- [DATA SUPPLIED]
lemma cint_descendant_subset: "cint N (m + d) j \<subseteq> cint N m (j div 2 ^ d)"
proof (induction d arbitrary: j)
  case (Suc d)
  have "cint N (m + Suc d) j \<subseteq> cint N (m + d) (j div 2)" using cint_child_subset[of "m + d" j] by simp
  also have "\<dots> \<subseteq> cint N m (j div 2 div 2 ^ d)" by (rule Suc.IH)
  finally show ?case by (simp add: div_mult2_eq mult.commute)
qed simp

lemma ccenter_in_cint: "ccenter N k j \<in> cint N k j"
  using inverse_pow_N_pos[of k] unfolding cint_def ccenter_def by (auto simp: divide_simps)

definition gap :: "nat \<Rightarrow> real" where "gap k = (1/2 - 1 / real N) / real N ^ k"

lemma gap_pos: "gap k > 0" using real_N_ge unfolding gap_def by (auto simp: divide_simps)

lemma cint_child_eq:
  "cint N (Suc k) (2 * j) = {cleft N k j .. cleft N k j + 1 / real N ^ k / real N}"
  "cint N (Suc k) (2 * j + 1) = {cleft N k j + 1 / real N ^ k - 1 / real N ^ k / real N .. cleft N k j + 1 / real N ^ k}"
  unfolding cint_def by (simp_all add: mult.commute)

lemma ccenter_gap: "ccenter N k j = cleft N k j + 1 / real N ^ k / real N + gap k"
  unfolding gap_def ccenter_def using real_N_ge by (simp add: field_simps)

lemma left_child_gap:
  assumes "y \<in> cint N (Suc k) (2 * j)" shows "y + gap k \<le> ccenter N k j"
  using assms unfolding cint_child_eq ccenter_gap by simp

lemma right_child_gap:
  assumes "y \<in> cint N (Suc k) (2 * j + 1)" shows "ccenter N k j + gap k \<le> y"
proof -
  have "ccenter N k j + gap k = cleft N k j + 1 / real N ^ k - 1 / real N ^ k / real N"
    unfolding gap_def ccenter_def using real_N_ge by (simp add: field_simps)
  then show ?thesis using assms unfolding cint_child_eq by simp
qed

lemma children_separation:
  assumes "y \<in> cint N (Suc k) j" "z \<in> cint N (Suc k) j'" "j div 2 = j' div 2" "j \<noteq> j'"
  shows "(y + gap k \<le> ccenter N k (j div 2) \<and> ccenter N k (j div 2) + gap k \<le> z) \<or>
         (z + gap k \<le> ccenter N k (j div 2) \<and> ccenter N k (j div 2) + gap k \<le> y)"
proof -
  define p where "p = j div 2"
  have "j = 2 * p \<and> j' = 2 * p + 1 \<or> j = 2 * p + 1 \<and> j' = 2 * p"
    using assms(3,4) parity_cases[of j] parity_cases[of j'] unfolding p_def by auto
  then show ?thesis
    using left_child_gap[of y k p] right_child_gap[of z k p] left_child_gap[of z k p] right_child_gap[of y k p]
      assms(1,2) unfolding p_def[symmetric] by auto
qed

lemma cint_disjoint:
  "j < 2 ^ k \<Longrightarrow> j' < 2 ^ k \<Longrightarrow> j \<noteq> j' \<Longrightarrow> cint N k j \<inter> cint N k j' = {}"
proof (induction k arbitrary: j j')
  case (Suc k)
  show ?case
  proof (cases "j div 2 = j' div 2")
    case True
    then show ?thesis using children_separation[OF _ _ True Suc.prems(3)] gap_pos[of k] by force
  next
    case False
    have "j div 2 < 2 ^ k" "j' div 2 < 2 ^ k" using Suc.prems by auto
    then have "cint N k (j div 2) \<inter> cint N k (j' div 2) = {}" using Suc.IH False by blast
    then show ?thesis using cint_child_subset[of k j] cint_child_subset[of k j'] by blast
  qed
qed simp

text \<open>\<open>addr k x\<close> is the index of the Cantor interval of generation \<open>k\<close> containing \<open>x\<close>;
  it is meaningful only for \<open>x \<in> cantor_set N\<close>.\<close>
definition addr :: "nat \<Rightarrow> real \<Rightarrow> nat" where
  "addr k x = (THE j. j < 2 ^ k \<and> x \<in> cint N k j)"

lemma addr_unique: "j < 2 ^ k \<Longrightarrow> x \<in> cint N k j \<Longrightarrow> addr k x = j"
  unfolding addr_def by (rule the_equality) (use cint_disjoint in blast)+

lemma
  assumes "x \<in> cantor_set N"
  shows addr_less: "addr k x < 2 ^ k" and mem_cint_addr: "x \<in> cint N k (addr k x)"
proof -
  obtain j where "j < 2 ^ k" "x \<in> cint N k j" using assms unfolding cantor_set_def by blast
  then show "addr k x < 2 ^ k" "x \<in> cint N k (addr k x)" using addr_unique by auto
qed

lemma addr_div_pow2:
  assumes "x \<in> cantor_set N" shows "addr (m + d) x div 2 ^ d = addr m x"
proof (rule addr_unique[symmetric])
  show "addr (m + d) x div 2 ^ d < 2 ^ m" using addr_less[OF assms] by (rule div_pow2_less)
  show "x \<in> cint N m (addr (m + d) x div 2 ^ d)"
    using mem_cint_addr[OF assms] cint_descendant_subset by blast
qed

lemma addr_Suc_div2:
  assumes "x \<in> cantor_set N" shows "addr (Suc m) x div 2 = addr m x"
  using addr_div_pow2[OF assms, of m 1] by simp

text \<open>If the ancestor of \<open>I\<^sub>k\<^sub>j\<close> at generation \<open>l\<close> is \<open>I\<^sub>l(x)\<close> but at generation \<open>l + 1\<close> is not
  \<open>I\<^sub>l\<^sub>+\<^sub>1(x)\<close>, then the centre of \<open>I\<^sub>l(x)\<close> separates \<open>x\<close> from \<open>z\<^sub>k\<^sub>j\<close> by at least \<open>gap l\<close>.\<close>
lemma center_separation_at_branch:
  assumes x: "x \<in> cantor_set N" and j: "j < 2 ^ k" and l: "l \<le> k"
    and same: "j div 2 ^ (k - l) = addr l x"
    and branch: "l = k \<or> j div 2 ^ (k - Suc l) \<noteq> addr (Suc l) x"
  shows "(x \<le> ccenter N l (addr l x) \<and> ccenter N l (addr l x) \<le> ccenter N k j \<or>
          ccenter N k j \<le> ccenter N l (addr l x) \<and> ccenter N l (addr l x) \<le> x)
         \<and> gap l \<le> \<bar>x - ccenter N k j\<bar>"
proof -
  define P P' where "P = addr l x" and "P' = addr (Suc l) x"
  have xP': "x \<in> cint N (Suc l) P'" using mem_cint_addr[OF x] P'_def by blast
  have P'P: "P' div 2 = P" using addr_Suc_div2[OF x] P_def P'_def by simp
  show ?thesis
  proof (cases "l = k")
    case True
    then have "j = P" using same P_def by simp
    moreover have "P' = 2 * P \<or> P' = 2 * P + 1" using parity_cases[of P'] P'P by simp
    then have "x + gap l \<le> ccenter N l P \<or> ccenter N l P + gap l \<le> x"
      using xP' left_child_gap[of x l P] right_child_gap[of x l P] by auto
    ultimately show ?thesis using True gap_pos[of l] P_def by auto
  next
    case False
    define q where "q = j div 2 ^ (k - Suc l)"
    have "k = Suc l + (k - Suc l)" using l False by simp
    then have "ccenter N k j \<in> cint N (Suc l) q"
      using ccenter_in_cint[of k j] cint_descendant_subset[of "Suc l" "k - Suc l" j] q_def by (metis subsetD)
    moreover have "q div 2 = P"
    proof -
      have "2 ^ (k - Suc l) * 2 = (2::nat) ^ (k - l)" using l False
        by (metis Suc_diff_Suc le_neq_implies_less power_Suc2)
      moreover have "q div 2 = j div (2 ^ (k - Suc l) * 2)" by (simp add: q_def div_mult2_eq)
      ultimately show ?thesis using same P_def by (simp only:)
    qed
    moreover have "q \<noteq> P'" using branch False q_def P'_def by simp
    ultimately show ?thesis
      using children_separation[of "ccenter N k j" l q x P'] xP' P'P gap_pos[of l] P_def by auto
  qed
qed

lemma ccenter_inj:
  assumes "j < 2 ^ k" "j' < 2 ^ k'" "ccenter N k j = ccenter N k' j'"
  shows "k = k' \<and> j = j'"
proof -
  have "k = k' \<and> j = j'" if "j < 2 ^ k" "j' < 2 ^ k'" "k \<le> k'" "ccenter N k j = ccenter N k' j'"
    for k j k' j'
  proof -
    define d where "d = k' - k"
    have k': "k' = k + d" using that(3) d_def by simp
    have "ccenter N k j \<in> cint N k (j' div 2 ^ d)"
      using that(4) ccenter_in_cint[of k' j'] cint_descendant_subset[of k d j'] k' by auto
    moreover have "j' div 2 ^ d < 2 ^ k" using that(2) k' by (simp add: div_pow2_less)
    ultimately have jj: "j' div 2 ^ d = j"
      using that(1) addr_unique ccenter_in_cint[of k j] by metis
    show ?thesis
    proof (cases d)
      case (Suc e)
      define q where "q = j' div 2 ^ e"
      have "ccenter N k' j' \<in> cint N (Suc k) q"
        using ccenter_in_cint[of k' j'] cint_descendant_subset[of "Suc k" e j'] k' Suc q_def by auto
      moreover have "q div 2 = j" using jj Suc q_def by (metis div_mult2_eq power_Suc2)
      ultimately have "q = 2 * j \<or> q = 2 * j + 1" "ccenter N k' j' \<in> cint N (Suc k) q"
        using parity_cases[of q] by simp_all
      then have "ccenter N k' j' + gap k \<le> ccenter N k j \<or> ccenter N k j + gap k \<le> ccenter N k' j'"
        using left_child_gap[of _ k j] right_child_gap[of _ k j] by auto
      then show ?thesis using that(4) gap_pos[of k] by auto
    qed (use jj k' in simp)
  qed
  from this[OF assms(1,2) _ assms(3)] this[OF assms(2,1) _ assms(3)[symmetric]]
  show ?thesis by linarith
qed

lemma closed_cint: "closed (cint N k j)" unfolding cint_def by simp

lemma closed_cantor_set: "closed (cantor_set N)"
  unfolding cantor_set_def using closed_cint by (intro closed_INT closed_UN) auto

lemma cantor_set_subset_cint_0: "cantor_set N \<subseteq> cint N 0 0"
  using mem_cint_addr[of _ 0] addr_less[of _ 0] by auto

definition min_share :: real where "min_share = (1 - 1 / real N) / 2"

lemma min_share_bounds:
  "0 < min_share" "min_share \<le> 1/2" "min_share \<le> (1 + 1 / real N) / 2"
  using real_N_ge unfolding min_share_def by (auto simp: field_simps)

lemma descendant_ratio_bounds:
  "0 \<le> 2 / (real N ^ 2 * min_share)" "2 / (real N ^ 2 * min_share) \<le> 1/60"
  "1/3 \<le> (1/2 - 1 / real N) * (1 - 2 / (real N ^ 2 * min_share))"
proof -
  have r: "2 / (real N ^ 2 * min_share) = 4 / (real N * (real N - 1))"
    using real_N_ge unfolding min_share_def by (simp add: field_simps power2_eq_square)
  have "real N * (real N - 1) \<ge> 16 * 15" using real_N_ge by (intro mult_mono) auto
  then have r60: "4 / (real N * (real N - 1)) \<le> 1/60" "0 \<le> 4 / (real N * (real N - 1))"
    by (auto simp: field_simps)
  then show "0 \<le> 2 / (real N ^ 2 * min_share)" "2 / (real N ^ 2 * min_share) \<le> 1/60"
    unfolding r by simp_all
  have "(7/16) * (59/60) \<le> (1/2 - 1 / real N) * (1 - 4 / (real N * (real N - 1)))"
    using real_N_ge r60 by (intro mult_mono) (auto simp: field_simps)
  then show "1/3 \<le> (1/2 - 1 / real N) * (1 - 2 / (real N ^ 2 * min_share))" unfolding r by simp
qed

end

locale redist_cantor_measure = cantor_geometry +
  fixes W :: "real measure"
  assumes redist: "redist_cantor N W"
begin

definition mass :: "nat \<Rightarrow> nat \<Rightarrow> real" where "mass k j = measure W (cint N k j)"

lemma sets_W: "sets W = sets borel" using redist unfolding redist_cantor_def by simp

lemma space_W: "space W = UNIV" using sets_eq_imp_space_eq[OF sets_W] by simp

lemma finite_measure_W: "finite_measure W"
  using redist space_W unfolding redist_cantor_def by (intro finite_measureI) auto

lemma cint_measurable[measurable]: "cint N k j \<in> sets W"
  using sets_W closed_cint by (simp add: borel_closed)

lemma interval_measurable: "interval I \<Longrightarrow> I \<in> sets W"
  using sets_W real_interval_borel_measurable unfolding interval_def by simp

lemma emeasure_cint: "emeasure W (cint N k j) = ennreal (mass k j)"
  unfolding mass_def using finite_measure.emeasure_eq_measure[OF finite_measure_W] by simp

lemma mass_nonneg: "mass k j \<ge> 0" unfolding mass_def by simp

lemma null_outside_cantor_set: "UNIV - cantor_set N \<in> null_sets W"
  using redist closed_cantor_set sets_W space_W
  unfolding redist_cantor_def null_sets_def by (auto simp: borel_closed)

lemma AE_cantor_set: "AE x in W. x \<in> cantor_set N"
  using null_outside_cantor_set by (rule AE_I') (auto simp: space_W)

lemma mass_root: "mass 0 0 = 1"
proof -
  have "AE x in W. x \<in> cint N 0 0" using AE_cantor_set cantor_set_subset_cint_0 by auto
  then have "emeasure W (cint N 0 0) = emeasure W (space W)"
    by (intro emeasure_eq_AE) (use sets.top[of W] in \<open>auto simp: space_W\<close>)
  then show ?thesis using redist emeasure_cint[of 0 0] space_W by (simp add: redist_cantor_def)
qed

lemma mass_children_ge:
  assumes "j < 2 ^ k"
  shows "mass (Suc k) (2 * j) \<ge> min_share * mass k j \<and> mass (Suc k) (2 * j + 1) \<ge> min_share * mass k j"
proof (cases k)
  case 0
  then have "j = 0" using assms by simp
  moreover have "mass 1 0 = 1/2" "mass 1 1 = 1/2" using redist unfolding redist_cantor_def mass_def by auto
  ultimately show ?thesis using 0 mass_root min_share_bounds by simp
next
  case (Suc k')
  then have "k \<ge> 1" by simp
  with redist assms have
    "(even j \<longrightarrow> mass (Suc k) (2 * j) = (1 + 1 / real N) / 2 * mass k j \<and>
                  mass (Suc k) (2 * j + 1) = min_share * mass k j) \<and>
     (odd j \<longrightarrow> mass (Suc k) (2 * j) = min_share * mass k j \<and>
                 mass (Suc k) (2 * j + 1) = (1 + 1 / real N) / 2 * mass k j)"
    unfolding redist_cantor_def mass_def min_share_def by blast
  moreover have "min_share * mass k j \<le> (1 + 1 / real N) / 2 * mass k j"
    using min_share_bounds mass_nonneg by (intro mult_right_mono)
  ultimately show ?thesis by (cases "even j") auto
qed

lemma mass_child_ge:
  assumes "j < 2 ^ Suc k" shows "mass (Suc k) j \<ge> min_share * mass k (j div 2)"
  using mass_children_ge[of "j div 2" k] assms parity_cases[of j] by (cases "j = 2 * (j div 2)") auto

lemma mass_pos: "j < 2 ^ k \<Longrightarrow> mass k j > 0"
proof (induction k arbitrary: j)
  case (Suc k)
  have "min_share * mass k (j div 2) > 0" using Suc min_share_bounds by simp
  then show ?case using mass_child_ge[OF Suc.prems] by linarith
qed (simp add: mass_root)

- [TASK]
Search the data for the word "assms" and copy each line where it appears.

- [OUTPUT BELOW]
  using assms unfolding cint_child_eq ccenter_gap by simp
  then show ?thesis using assms unfolding cint_child_eq by simp
    using assms(3,4) parity_cases[of j] parity_cases[of j'] unfolding p_def by auto
      assms(1,2) unfolding p_def[symmetric] by auto
  obtain j where "j < 2 ^ k" "x \<in> cint N k j" using assms unfolding cantor_set_def by blast
  show "addr (m + d) x div 2 ^ d < 2 ^ m" using addr_less[OF assms] by (rule div_pow2_less)
    using mem_cint_addr[OF assms] cint_descendant_subset by blast
  using addr_div_pow2[OF assms, of m 1] by simp
  from this[OF assms(1,2) _ assms(3)] this[OF assms(2,1) _ assms(3)[symmetric]]
  then have "j = 0" using assms by simp
  with redist assms have
  using mass_children_ge[of "j div 2" k] assms parity_cases[of j] by (cases "j = 2 * (j div 2)") auto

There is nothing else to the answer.